> [Data]
(* Let $G$ be a group, $\mathcal{A}$ a unital $C^\ast$-algebra, $\tau$ an action of $G$ on $\mathcal{A}$ by unital $C^\ast$-automorphisms, $\mathcal{H}$ a Hilbert space and $\phi\in\mathrm{UCP}^{G_\tau}(\mathcal{A},\mathcal{B}(\mathcal{H}))$. The following are equivalent: (1) $\phi$ is a $C^\ast$-extreme point of $\mathrm{UCP}^{G_\tau}(\mathcal{A},\mathcal{B}(\mathcal{H}))$; (2) for every $\psi\in\mathrm{CP}^{G_\tau}(\mathcal{A},\mathcal{B}(\mathcal{H}))$ with $\psi\le\phi$ and $\psi(1_\mathcal{A})$ invertible, there exists an invertible $Z\in\mathcal{B}(\mathcal{H})$ such that $\psi(a)=Z^\ast\phi(a)Z$ for all $a\in\mathcal{A}$.
   Context: $\mathrm{CP}^{G_\tau}(\mathcal{A},\mathcal{B}(\mathcal{H}))$ is the set of completely positive maps $\psi:\mathcal{A}\to\mathcal{B}(\mathcal{H})$ with $\psi(\tau_g(a))=\psi(a)$ for all $g\in G,a\in\mathcal{A}$; $\mathrm{UCP}^{G_\tau}(\mathcal{A},\mathcal{B}(\mathcal{H}))$ is its subset of unital maps. $\psi\le\phi$ means $\phi-\psi$ is completely positive. A $C^\ast$-convex combination is $\sum_iT_i^\ast\phi_i(\cdot)T_i$ with $T_i\in\mathcal{B}(\mathcal{H})$, $\sum_iT_i^\ast T_i=\mathrm{Id}_\mathcal{H}$; proper if all $T_i$ invertible. $\phi$ is a $C^\ast$-extreme point of $\mathrm{UCP}^{G_\tau}(\mathcal{A},\mathcal{B}(\mathcal{H}))$ if whenever $\phi$ is a proper $C^\ast$-convex combination of elements $\phi_i$ of this set, there exist unitaries $U_i$ on $\mathcal{H}$ with $\phi_i=U_i^\ast\phi(\cdot)U_i$ for all $i$. *)

theory Defs
  imports Complex_Main "HOL-Algebra.Group"
begin

class complex_vec = real_vector +
  fixes cscale :: "complex \<Rightarrow> 'a \<Rightarrow> 'a"
  assumes cscale_add_right: "cscale a (x + y) = cscale a x + cscale a y"
    and cscale_add_left: "cscale (a + b) x = cscale a x + cscale b x"
    and cscale_cscale: "cscale a (cscale b x) = cscale (a * b) x"
    and cscale_one: "cscale 1 x = x"
    and scaleR_cscale: "scaleR r x = cscale (complex_of_real r) x"

class complex_normed_vec = complex_vec + real_normed_vector +
  assumes norm_cscale: "norm (cscale a x) = cmod a * norm x"

class complex_hilbert = complex_normed_vec + banach +
  fixes cinner :: "'a \<Rightarrow> 'a \<Rightarrow> complex"
  assumes cinner_add_right: "cinner x (y + z) = cinner x y + cinner x z"
    and cinner_cscale_right: "cinner x (cscale a y) = a * cinner x y"
    and cinner_cnj: "cinner y x = cnj (cinner x y)"
    and norm_cinner: "norm x = sqrt (Re (cinner x x))"

class cstar_algebra = complex_normed_vec + real_normed_algebra_1 + banach +
  fixes cstar :: "'a \<Rightarrow> 'a"
  assumes cstar_cstar: "cstar (cstar x) = x"
    and cstar_add: "cstar (x + y) = cstar x + cstar y"
    and cstar_cscale: "cstar (cscale a x) = cscale (cnj a) (cstar x)"
    and cstar_mult: "cstar (x * y) = cstar y * cstar x"
    and cscale_mult_left: "cscale a x * y = cscale a (x * y)"
    and cscale_mult_right: "x * cscale a y = cscale a (x * y)"
    and cstar_identity: "norm (cstar x * x) = (norm x)\<^sup>2"

definition clinear :: "('a::complex_vec \<Rightarrow> 'b::complex_vec) \<Rightarrow> bool" where
  "clinear f \<longleftrightarrow> (\<forall>x y. f (x + y) = f x + f y) \<and> (\<forall>c x. f (cscale c x) = cscale c (f x))"

definition bounded_op :: "('h::complex_hilbert \<Rightarrow> 'h) \<Rightarrow> bool" where
  "bounded_op T \<longleftrightarrow> clinear T \<and> (\<exists>K. \<forall>x. norm (T x) \<le> K * norm x)"

definition adj :: "('h::complex_hilbert \<Rightarrow> 'h) \<Rightarrow> ('h \<Rightarrow> 'h)" where
  "adj T = (SOME S. \<forall>x y. cinner (S x) y = cinner x (T y))"

definition invertible_op :: "('h::complex_hilbert \<Rightarrow> 'h) \<Rightarrow> bool" where
  "invertible_op T \<longleftrightarrow> bounded_op T \<and> (\<exists>W. bounded_op W \<and> W \<circ> T = id \<and> T \<circ> W = id)"

definition unitary_op :: "('h::complex_hilbert \<Rightarrow> 'h) \<Rightarrow> bool" where
  "unitary_op U \<longleftrightarrow> bounded_op U \<and> adj U \<circ> U = id \<and> U \<circ> adj U = id"

text \<open>A map psi : A \<rightarrow> B(H) is completely positive if it is linear and for all n,
  psi_n maps positive elements of M_n(A) (i.e. those of the form X* X) to positive
  operators on H^n: for X in M_n(A) and xi in H^n,
  sum_{i,j} <xi_i, psi((X*X)_{ij}) xi_j> \<ge> 0, where (X*X)_{ij} = sum_k (X_{ki})* X_{kj}.\<close>
definition cp_map :: "('a::cstar_algebra \<Rightarrow> 'h::complex_hilbert \<Rightarrow> 'h) \<Rightarrow> bool" where
  "cp_map \<psi> \<longleftrightarrow>
     (\<forall>x y. \<psi> (x + y) = (\<lambda>h. \<psi> x h + \<psi> y h)) \<and>
     (\<forall>c x. \<psi> (cscale c x) = (\<lambda>h. cscale c (\<psi> x h))) \<and>
     (\<forall>a. bounded_op (\<psi> a)) \<and>
     (\<forall>(n::nat) (X::nat \<Rightarrow> nat \<Rightarrow> 'a) (\<xi>::nat \<Rightarrow> 'h).
        let s = (\<Sum>i<n. \<Sum>j<n. cinner (\<xi> i) (\<psi> (\<Sum>k<n. cstar (X k i) * X k j) (\<xi> j)))
        in Im s = 0 \<and> 0 \<le> Re s)"

definition cp_le :: "('a::cstar_algebra \<Rightarrow> 'h::complex_hilbert \<Rightarrow> 'h) \<Rightarrow> ('a \<Rightarrow> 'h \<Rightarrow> 'h) \<Rightarrow> bool" where
  "cp_le \<psi> \<phi> \<longleftrightarrow> cp_map (\<lambda>a h. \<phi> a h - \<psi> a h)"

definition unital_star_aut :: "('a::cstar_algebra \<Rightarrow> 'a) \<Rightarrow> bool" where
  "unital_star_aut f \<longleftrightarrow> bij f \<and> clinear f \<and> (\<forall>x y. f (x * y) = f x * f y)
     \<and> (\<forall>x. f (cstar x) = cstar (f x)) \<and> f 1 = 1"

definition cstar_action :: "('g, 'b) monoid_scheme \<Rightarrow> ('g \<Rightarrow> 'a::cstar_algebra \<Rightarrow> 'a) \<Rightarrow> bool" where
  "cstar_action G \<tau> \<longleftrightarrow> (\<forall>g\<in>carrier G. unital_star_aut (\<tau> g))
     \<and> (\<forall>g\<in>carrier G. \<forall>h\<in>carrier G. \<tau> (g \<otimes>\<^bsub>G\<^esub> h) = \<tau> g \<circ> \<tau> h)
     \<and> \<tau> \<one>\<^bsub>G\<^esub> = id"

definition CP_inv :: "('g, 'b) monoid_scheme \<Rightarrow> ('g \<Rightarrow> 'a::cstar_algebra \<Rightarrow> 'a)
    \<Rightarrow> ('a \<Rightarrow> 'h::complex_hilbert \<Rightarrow> 'h) set" where
  "CP_inv G \<tau> = {\<psi>. cp_map \<psi> \<and> (\<forall>g\<in>carrier G. \<forall>a. \<psi> (\<tau> g a) = \<psi> a)}"

definition UCP_inv :: "('g, 'b) monoid_scheme \<Rightarrow> ('g \<Rightarrow> 'a::cstar_algebra \<Rightarrow> 'a)
    \<Rightarrow> ('a \<Rightarrow> 'h::complex_hilbert \<Rightarrow> 'h) set" where
  "UCP_inv G \<tau> = {\<psi>. \<psi> \<in> CP_inv G \<tau> \<and> \<psi> 1 = id}"

definition C_extreme :: "('g, 'b) monoid_scheme \<Rightarrow> ('g \<Rightarrow> 'a::cstar_algebra \<Rightarrow> 'a)
    \<Rightarrow> ('a \<Rightarrow> 'h::complex_hilbert \<Rightarrow> 'h) \<Rightarrow> bool" where
  "C_extreme G \<tau> \<phi> \<longleftrightarrow> \<phi> \<in> UCP_inv G \<tau> \<and>
     (\<forall>(n::nat) (T::nat \<Rightarrow> 'h \<Rightarrow> 'h) (\<Phi>::nat \<Rightarrow> 'a \<Rightarrow> 'h \<Rightarrow> 'h).
        (\<forall>i<n. \<Phi> i \<in> UCP_inv G \<tau> \<and> invertible_op (T i))
        \<and> (\<forall>h. (\<Sum>i<n. adj (T i) (T i h)) = h)
        \<and> (\<forall>a. \<phi> a = (\<lambda>h. \<Sum>i<n. adj (T i) (\<Phi> i a (T i h))))
        \<longrightarrow> (\<exists>U::nat \<Rightarrow> 'h \<Rightarrow> 'h. \<forall>i<n. unitary_op (U i) \<and>
               (\<forall>a. \<Phi> i a = adj (U i) \<circ> \<phi> a \<circ> U i)))"

end

theory Submission
  imports Defs
begin

text \<open>
  (1) implies (2): given \<psi> \<le> \<phi> with \<psi>(1) invertible, choose t > 0 so small that
  A1 = t \<psi>(1) and A2 = 1 - t \<psi>(1) are both positive and invertible (the latter by a Neumann
  series), and let R1, R2 be their positive square roots. Then
  \<phi> = R1 \<Phi>1 R1 + R2 \<Phi>2 R2 with the invariant unital maps \<Phi>1 = R1^-1 (t \<psi>) R1^-1 and
  \<Phi>2 = R2^-1 (\<phi> - t \<psi>) R2^-1, a proper C*-convex combination; hence \<Phi>1 = U* \<phi> U for a
  unitary U, and \<psi> = Z* \<phi> Z with Z = t^(-1/2) U R1.

  (2) implies (1): in a proper C*-convex combination \<phi> = \<Sum> T_i* \<Phi>_i T_i, every summand
  \<psi>_i = T_i* \<Phi>_i T_i is dominated by \<phi> and \<psi>_i(1) = T_i* T_i is invertible, so \<psi>_i = Z* \<phi> Z.
  Then U = Z T_i^-1 satisfies U* U = \<Phi>_i(1) = 1, so U is unitary and \<Phi>_i = U* \<phi> U.
\<close>

lemma cinner_add_left: "cinner (x + y) z = cinner x z + cinner y z"
  by (metis cinner_cnj cinner_add_right complex_cnj_add)

lemma cinner_cscale_left: "cinner (cscale a x) y = cnj a * cinner x y"
  by (metis cinner_cnj cinner_cscale_right complex_cnj_mult complex_cnj_cnj)

lemma cinner_zero_right [simp]: "cinner x 0 = 0"
  by (metis add_cancel_right_right add_0 cinner_add_right)

lemma cinner_zero_left [simp]: "cinner 0 x = 0"
  by (metis cinner_cnj cinner_zero_right complex_cnj_zero)

lemma cinner_diff_right: "cinner x (y - z) = cinner x y - cinner x z"
  by (metis cinner_add_right diff_add_cancel eq_diff_eq)

lemma cinner_diff_left: "cinner (y - z) x = cinner y x - cinner z x"
  by (metis cinner_add_left diff_add_cancel eq_diff_eq)

lemma cinner_scaleR_right: "cinner x (scaleR r y) = complex_of_real r * cinner x y"
  by (simp add: scaleR_cscale cinner_cscale_right)

lemma cinner_scaleR_left: "cinner (scaleR r x) y = complex_of_real r * cinner x y"
  by (simp add: scaleR_cscale cinner_cscale_left)

lemma cinner_self_Im: "Im (cinner x x) = 0"
  by (metis cinner_cnj cnj.sel(2) neg_equal_zero)

lemma cinner_self_Re_nonneg: "0 \<le> Re (cinner x x)"
proof (rule ccontr)
  assume "\<not> ?thesis"
  then have "sqrt (Re (cinner x x)) < 0" by simp
  then show False using norm_cinner[of x] norm_ge_zero[of x] by linarith
qed

lemma power2_norm_eq_cinner: "(norm x)\<^sup>2 = Re (cinner x x)"
  using norm_cinner[of x] cinner_self_Re_nonneg[of x] by simp

lemma cinner_self_eq_norm: "cinner x x = complex_of_real ((norm x)\<^sup>2)"
  by (simp add: complex_eq_iff power2_norm_eq_cinner cinner_self_Im)

lemma cinner_self_eq_zero: "cinner x x = 0 \<Longrightarrow> x = 0"
  by (metis cinner_self_eq_norm norm_eq_zero of_real_eq_0_iff zero_eq_power2)

lemma cinner_eqI: "(\<And>y. cinner x y = cinner x' y) \<Longrightarrow> x = x'"
  by (metis cinner_diff_left cinner_self_eq_zero eq_iff_diff_eq_0)

lemma cscale_zero_right [simp]: "cscale c 0 = (0::'a::complex_vec)"
  by (metis add_cancel_right_right add_0 cscale_add_right)

lemma cscale_diff_right: "cscale c (x - y) = cscale c x - cscale c (y::'a::complex_vec)"
  by (metis cscale_add_right diff_add_cancel eq_diff_eq)

lemma scaleR_cscale_commute: "scaleR r (cscale c x) = cscale c (scaleR r (x::'a::complex_vec))"
  by (simp add: scaleR_cscale cscale_cscale mult.commute)

lemma bounded_linear_cscale: "bounded_linear (cscale c :: 'a::complex_normed_vec \<Rightarrow> 'a)"
proof (rule bounded_linear_intro[where K="cmod c"])
  show "cscale c (x + y) = cscale c x + cscale c y" for x y :: 'a by (rule cscale_add_right)
  show "cscale c (r *\<^sub>R x) = r *\<^sub>R cscale c x" for r and x :: 'a by (simp add: scaleR_cscale_commute)
  show "norm (cscale c x) \<le> norm x * cmod c" for x :: 'a by (simp add: norm_cscale)
qed

lemma clinear_ident: "clinear (\<lambda>x. x)"
  by (simp add: clinear_def)

lemma cinner_expand_quadratic:
  assumes "clinear A"
  shows "cinner (x + cscale c y) (A (x + cscale c y)) =
    cinner x (A x) + c * cinner x (A y) + cnj c * cinner y (A x) + cnj c * c * cinner y (A y)"
  using assms
  by (simp add: clinear_def cinner_add_left cinner_add_right cinner_cscale_left cinner_cscale_right
      algebra_simps)

lemma discriminant_le_if_quadratic_nonneg:
  fixes a N :: real and b :: complex
  assumes "\<And>c. 0 \<le> a - 2 * Re (c * b) + (cmod c)\<^sup>2 * N"
  shows "(cmod b)\<^sup>2 \<le> a * N"
proof -
  have real_line: "0 \<le> a - 2 * t * (cmod b)\<^sup>2 + t\<^sup>2 * (cmod b)\<^sup>2 * N" for t :: real
  proof -
    have "Re (complex_of_real t * cnj b * b) = t * (cmod b)\<^sup>2"
      using cmod_power2[of b] by (simp add: power2_eq_square algebra_simps)
    moreover have "(cmod (complex_of_real t * cnj b))\<^sup>2 = t\<^sup>2 * (cmod b)\<^sup>2"
      by (simp add: norm_mult power_mult_distrib)
    ultimately show ?thesis using assms[of "complex_of_real t * cnj b"] by (simp add: algebra_simps)
  qed
  show ?thesis
  proof (cases "b = 0")
    case True
    have a0: "0 \<le> a" using real_line[of 0] by simp
    moreover have "0 \<le> N"
    proof -
      have "0 \<le> a + t\<^sup>2 * N" for t
        using assms[of "complex_of_real t"] True by simp
      from this[of "sqrt (a + 1) / sqrt (- N)"] show ?thesis
        using a0 by (cases "N < 0") (auto simp: power_divide)
    qed
    ultimately show ?thesis using True by simp
  next
    case False
    show ?thesis
    proof (cases "N > 0")
      case True
      have "0 \<le> a - 2 * (1 / N) * (cmod b)\<^sup>2 + (1 / N)\<^sup>2 * (cmod b)\<^sup>2 * N" by (rule real_line)
      also have "\<dots> = a - (cmod b)\<^sup>2 / N" using True by (simp add: power2_eq_square field_simps)
      finally show ?thesis using True by (simp add: field_simps)
    next
      case False
      define t where "t = (a + 1) / (cmod b)\<^sup>2"
      have "0 \<le> a - 2 * t * (cmod b)\<^sup>2 + t\<^sup>2 * (cmod b)\<^sup>2 * N" by (rule real_line)
      moreover have "t\<^sup>2 * (cmod b)\<^sup>2 * N \<le> 0" using False by (simp add: mult_nonneg_nonpos)
      ultimately have "a < 0" using \<open>b \<noteq> 0\<close> by (simp add: t_def)
      then show ?thesis using real_line[of 0] by simp
    qed
  qed
qed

> [Task statement]
Look above for the line holding "x = sqrt (Re" and the line holding "T \<longleftrightarrow> clinear", then output exactly those two lines and every line between them, nothing more.

> [Reply to the task]
    and norm_cinner: "norm x = sqrt (Re (cinner x x))"

class cstar_algebra = complex_normed_vec + real_normed_algebra_1 + banach +
  fixes cstar :: "'a \<Rightarrow> 'a"
  assumes cstar_cstar: "cstar (cstar x) = x"
    and cstar_add: "cstar (x + y) = cstar x + cstar y"
    and cstar_cscale: "cstar (cscale a x) = cscale (cnj a) (cstar x)"
    and cstar_mult: "cstar (x * y) = cstar y * cstar x"
    and cscale_mult_left: "cscale a x * y = cscale a (x * y)"
    and cscale_mult_right: "x * cscale a y = cscale a (x * y)"
    and cstar_identity: "norm (cstar x * x) = (norm x)\<^sup>2"

definition clinear :: "('a::complex_vec \<Rightarrow> 'b::complex_vec) \<Rightarrow> bool" where
  "clinear f \<longleftrightarrow> (\<forall>x y. f (x + y) = f x + f y) \<and> (\<forall>c x. f (cscale c x) = cscale c (f x))"

definition bounded_op :: "('h::complex_hilbert \<Rightarrow> 'h) \<Rightarrow> bool" where
  "bounded_op T \<longleftrightarrow> clinear T \<and> (\<exists>K. \<forall>x. norm (T x) \<le> K * norm x)"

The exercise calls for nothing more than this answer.